(Extracted data entries)
definition prefers_pair ::
    "('v \<Rightarrow> 'v set set \<Rightarrow> real) \<Rightarrow> 'v set set \<Rightarrow> 'v \<Rightarrow> 'v set \<Rightarrow> 'v set \<Rightarrow> bool" where
  "prefers_pair f E u b c \<longleftrightarrow>
     (\<forall>X. X \<subseteq> E \<longrightarrow> b \<notin> X \<longrightarrow> c \<notin> X \<longrightarrow> f u X < f u {b} \<and> f u X < f u {c})"

locale EFX_oriented =
  fixes V :: "'v set" and E :: "'v set set" and f :: "'v \<Rightarrow> 'v set set \<Rightarrow> real"
    and h :: "'v set \<Rightarrow> 'v"
  assumes graphical: "graphical_instance V E f"
    and EFX: "EFX_orientation V E f h"
begin

lemma head_mem: "e \<in> E \<Longrightarrow> h e \<in> e"
  using EFX by (auto simp: EFX_orientation_def is_orientation_def)

lemma head_doubleton: "{x, y} \<in> E \<Longrightarrow> h {x, y} = x \<or> h {x, y} = y"
  using head_mem by blast

lemma bundle_subset: "bundle_of E h u \<subseteq> E"
  by (auto simp: bundle_of_def)

lemma bundle_value_ge_of_shared_head:
  assumes "u \<in> V" "w \<in> V" "e \<in> E" "g \<in> E" "e \<noteq> g" "h e = w" "h g = w"
  shows "f u {e} \<le> f u (bundle_of E h u)"
proof -
  have g: "g \<in> bundle_of E h w" and sub: "{e} \<subseteq> bundle_of E h w - {g}" "bundle_of E h w - {g} \<subseteq> E"
    using assms by (auto simp: bundle_of_def)
  have "f u {e} \<le> f u (bundle_of E h w - {g})"
    using graphical assms(1) sub unfolding graphical_instance_def by blast
  moreover have "f u (bundle_of E h w - {g}) \<le> f u (bundle_of E h u)"
    using EFX assms(1,2) g unfolding EFX_orientation_def by blast
  ultimately show ?thesis by linarith
qed

text \<open>An agent who prefers \<open>e\<close> but does not receive it cannot tolerate a second edge at the head of
  \<open>e\<close>: removing that edge from the head's bundle would leave \<open>e\<close>.\<close>
lemma preferred_edge_alone:
  assumes "u \<in> V" "w \<in> V" "prefers f E u e" "e \<in> E" "g \<in> E" "h e = w" "h g = w" "w \<noteq> u"
  shows "g = e"
proof (rule ccontr)
  assume "g \<noteq> e"
  then have "f u {e} \<le> f u (bundle_of E h u)"
    using bundle_value_ge_of_shared_head assms by metis
  moreover have "e \<notin> bundle_of E h u" using assms by (auto simp: bundle_of_def)
  then have "f u (bundle_of E h u) < f u {e}"
    using assms(3) bundle_subset by (simp add: prefers_def)
  ultimately show False by linarith
qed

lemma preferred_edge_head:
  assumes "u \<in> V" "v \<in> V" "u \<noteq> v" "prefers f E u {u, v}" "{u, v} \<in> E"
    and "g \<in> E" "g \<noteq> {u, v}" "h g = v"
  shows "h {u, v} = u"
  using head_doubleton[OF assms(5)] preferred_edge_alone[OF assms(1,2,4,5,6)] assms(3,7,8) by auto

lemma prefers_pair_no_shared_head:
  assumes "u \<in> V" "w \<in> V" "prefers_pair f E u b c" "b \<notin> bundle_of E h u" "c \<notin> bundle_of E h u"
    and "e \<in> {b, c}" "e \<in> E" "g \<in> E" "e \<noteq> g" "h e = w" "h g = w"
  shows False
proof -
  have "f u (bundle_of E h u) < f u {e}"
    using assms(3-6) bundle_subset unfolding prefers_pair_def by blast
  moreover have "f u {e} \<le> f u (bundle_of E h u)"
    by (rule bundle_value_ge_of_shared_head[OF assms(1,2,7-11)])
  ultimately show False by linarith
qed

lemma matched_pair_step:
  assumes path: "path_on V E z s r" and "s \<le> t" "Suc (Suc t) \<le> r"
    and pref: "prefers f E (z t) {z t, z (Suc t)}" "prefers f E (z (Suc t)) {z t, z (Suc t)}"
    and incoming: "b \<in> E" "h b = z t" "b \<noteq> {z t, z (Suc t)}"
  shows "h {z (Suc t), z (Suc (Suc t))} = z (Suc (Suc t))"
proof -
  have V: "z t \<in> V" "z (Suc t) \<in> V" and E: "{z t, z (Suc t)} \<in> E" "{z (Suc t), z (Suc (Suc t))} \<in> E"
    using path_on_vertex[OF path] path_on_edge[OF path] assms(2,3) by auto
  have ne: "z t \<noteq> z (Suc t)" "z (Suc t) \<noteq> z (Suc (Suc t))" "z t \<noteq> z (Suc (Suc t))"
    using path_on_inj[OF path] assms(2,3) by auto
  have "h {z (Suc t), z t} = z (Suc t)"
    using preferred_edge_head[OF V(2,1) _ _ _ incoming(1) _ incoming(2)] pref(2) E(1) incoming(3) ne
    by (simp add: insert_commute)
  then have "h {z (Suc t), z (Suc (Suc t))} \<noteq> z (Suc t)"
    using preferred_edge_alone[OF V pref(1) E] ne by (auto simp: insert_commute doubleton_eq_iff)
  then show ?thesis using head_doubleton[OF E(2)] by blast
qed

Exercise:
The line containing "b c \<longleftrightarrow>" marks the end: copy exactly every line from the top of the data above down to it, that line included.

Task answer:
definition prefers_pair ::
    "('v \<Rightarrow> 'v set set \<Rightarrow> real) \<Rightarrow> 'v set set \<Rightarrow> 'v \<Rightarrow> 'v set \<Rightarrow> 'v set \<Rightarrow> bool" where
  "prefers_pair f E u b c \<longleftrightarrow>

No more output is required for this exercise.